Problem details:
Set down the lines of the data exactly, starting at the first and stopping after the line containing "proof (rule unimodular_tendsto_one)".

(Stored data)
text \<open>If x + v \<in> L(\<omega>), the displacements of x along the multiples k \<omega>(n) are eventually
  small, hence so are those of its eigencomponent c, and every power of \<mu> stays near 1 along \<omega>.\<close>
lemma eigenvalue_powers_tendsto_one:
  assumes "poly_op q x = c" "T c = smul \<mu> c" "c \<noteq> 0"
    and small: "2 * ((\<Sum>k\<le>degree q. cmod (coeff q k)) * norm v) \<le> norm c / 4"
    and "x + v \<in> L_set T \<omega>"
  shows "(\<lambda>n. \<mu>^(\<omega> n)) \<longlonglongrightarrow> 1"
proof (rule unimodular_tendsto_one)
  show "cmod (\<mu>^(\<omega> n)) = 1" for n
    using eigenvalue_unimodular[OF assms(2,3)] by (simp add: norm_power)
  fix k
  define B where "B = (\<Sum>k\<le>degree q. cmod (coeff q k))"
  have "B \<ge> 0" by (simp add: B_def sum_nonneg)
  have "(\<lambda>n. B * norm ((T^^(k * \<omega> n)) (x + v) - (x + v))) \<longlonglongrightarrow> 0"
    using L_set_multiple[OF assms(5), of k]
    by (intro tendsto_mult_right_zero) (simp add: tendsto_norm_zero_iff LIM_zero_iff)
  then have "eventually (\<lambda>n. B * norm ((T^^(k * \<omega> n)) (x + v) - (x + v)) < norm c / 4) sequentially"
    using assms(3) by (intro order_tendstoD(2)) auto
  then show "eventually (\<lambda>n. cmod ((\<mu>^(\<omega> n))^k - 1) < 1/2) sequentially"
  proof (rule eventually_mono)
    fix n
    define m where "m = k * \<omega> n"
    assume "B * norm ((T^^(k * \<omega> n)) (x + v) - (x + v)) < norm c / 4"
    then have "B * norm ((T^^m) (x + v) - (x + v)) < norm c / 4" by (simp add: m_def)
    moreover have "cmod (\<mu>^m - 1) * norm c \<le> B * norm ((T^^m) x - x)"
      unfolding B_def by (rule eigencomponent_displacement_le[OF assms(1,2)])
    moreover have "B * norm ((T^^m) x - x) \<le> B * norm ((T^^m) (x + v) - (x + v)) + 2 * (B * norm v)"
      using mult_left_mono[OF norm_Tn_displacement_le[of m x "x + v"] \<open>B \<ge> 0\<close>]
      by (simp add: algebra_simps)
    ultimately have "cmod (\<mu>^m - 1) * norm c < 1/2 * norm c" using small by (simp add: B_def)
    then show "cmod ((\<mu>^(\<omega> n))^k - 1) < 1/2"
      using assms(3) by (simp add: m_def mult.commute[of k] power_mult)
  qed
qed
theorem lemma3p1:
  fixes \<xi> :: "nat pmf"
  assumes mean_pos: "0 < offspring_mean \<xi>"
    and mean_lt1: "offspring_mean \<xi> < 1"
    and var_finite: "integrable (measure_pmf \<xi>) (\<lambda>k. (real k)\<^sup>2)"
    and var_pos: "0 < measure_pmf.variance \<xi> real"
    and nondeg: "measure_pmf.prob \<xi> {k. k \<ge> 2} > 0"
  shows "(\<lambda>m. measure_pmf.prob (N_law \<xi> m) {1} / measure_pmf.prob (N_law \<xi> m) {n. n \<ge> 1})
           \<longlonglongrightarrow> 1"
proof -
  let ?K = "map_pmf (\<lambda>k. k - 1) (size_biased \<xi>)"
  obtain k where k: "k \<in> set_pmf \<xi>" "2 \<le> k"
    using nondeg by (metis (mono_tags) measure_pmf_zero_iff disjoint_iff mem_Collect_eq less_irrefl)
  have "integrable ?K real"
    by (rule integrable_size_biased_minus_one[OF mean_pos var_finite])
  moreover have "0 < measure_pmf.expectation ?K real"
    using k set_pmf_size_biased[OF mean_pos]
    by (intro integral_pmf_pos[where x="k - 1"] \<open>integrable ?K real\<close>) auto
  moreover have "0 < gw_survival \<xi> m" for m
    using k by (intro gw_survival_pos) auto
  moreover have "gw_survival \<xi> \<longlonglongrightarrow> 0"
    by (rule gw_survival_tendsto_0[OF integrable_of_offspring_mean_pos[OF mean_pos] mean_lt1])
  ultimately show ?thesis
    unfolding N_law_eq_binomial_mixture
    by (intro binomial_mixture_one_given_pos_tendsto gw_survival_le_1)
qed

end
(* Let $\Sigma=(B,\sigma)$ be a signed graph whose underlying graph $B$ is a block that is neither a single edge nor a circle, and suppose $[e,C,+]$ is a positive battery. Then every bridge $D$ of $C$ is balanced (contains no negative circle).
   Context: A signed graph $\Sigma=(G,\sigma)$ is a finite graph $G$ with signature $\sigma:E(G)\to\{+,-\}$. A circle is a connected 2-regular subgraph; its sign is the product of its edge signs. A subgraph is balanced if all its circles are positive. A block is a maximal subgraph without a cutpoint. For a circle $C$, a chord is an edge not in $C$ joining two distinct vertices of $C$; a bridge of $C$ is either a chord or a connected component $D$ of $G\setminus V(C)$ together with all edges joining $D$ to $C$. $[e,C,+]$ means $C$ is a positive circle containing $e$ and is the only positive circle containing $e$. *)

theory Defs
  imports Main
begin

text \<open>Finite (multi)graphs: vertex set V, edge set E, and an incidence map
  ends assigning to each edge its set of one (loop) or two endpoints.\<close>

datatype sgn = Plus | Minus

definition graph :: "'v set \<Rightarrow> 'e set \<Rightarrow> ('e \<Rightarrow> 'v set) \<Rightarrow> bool" where
  "graph V E ends \<longleftrightarrow> finite V \<and> finite E \<and>
     (\<forall>e\<in>E. ends e \<subseteq> V \<and> (card (ends e) = 1 \<or> card (ends e) = 2))"

definition verts :: "('e \<Rightarrow> 'v set) \<Rightarrow> 'e set \<Rightarrow> 'v set" where
  "verts ends F = (\<Union>f\<in>F. ends f)"

definition adj :: "('e \<Rightarrow> 'v set) \<Rightarrow> 'e set \<Rightarrow> ('v \<times> 'v) set" where
  "adj ends F = {(u, w). \<exists>f\<in>F. u \<in> ends f \<and> w \<in> ends f}"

Worked solution:
text \<open>If x + v \<in> L(\<omega>), the displacements of x along the multiples k \<omega>(n) are eventually
  small, hence so are those of its eigencomponent c, and every power of \<mu> stays near 1 along \<omega>.\<close>
lemma eigenvalue_powers_tendsto_one:
  assumes "poly_op q x = c" "T c = smul \<mu> c" "c \<noteq> 0"
    and small: "2 * ((\<Sum>k\<le>degree q. cmod (coeff q k)) * norm v) \<le> norm c / 4"
    and "x + v \<in> L_set T \<omega>"
  shows "(\<lambda>n. \<mu>^(\<omega> n)) \<longlonglongrightarrow> 1"
proof (rule unimodular_tendsto_one)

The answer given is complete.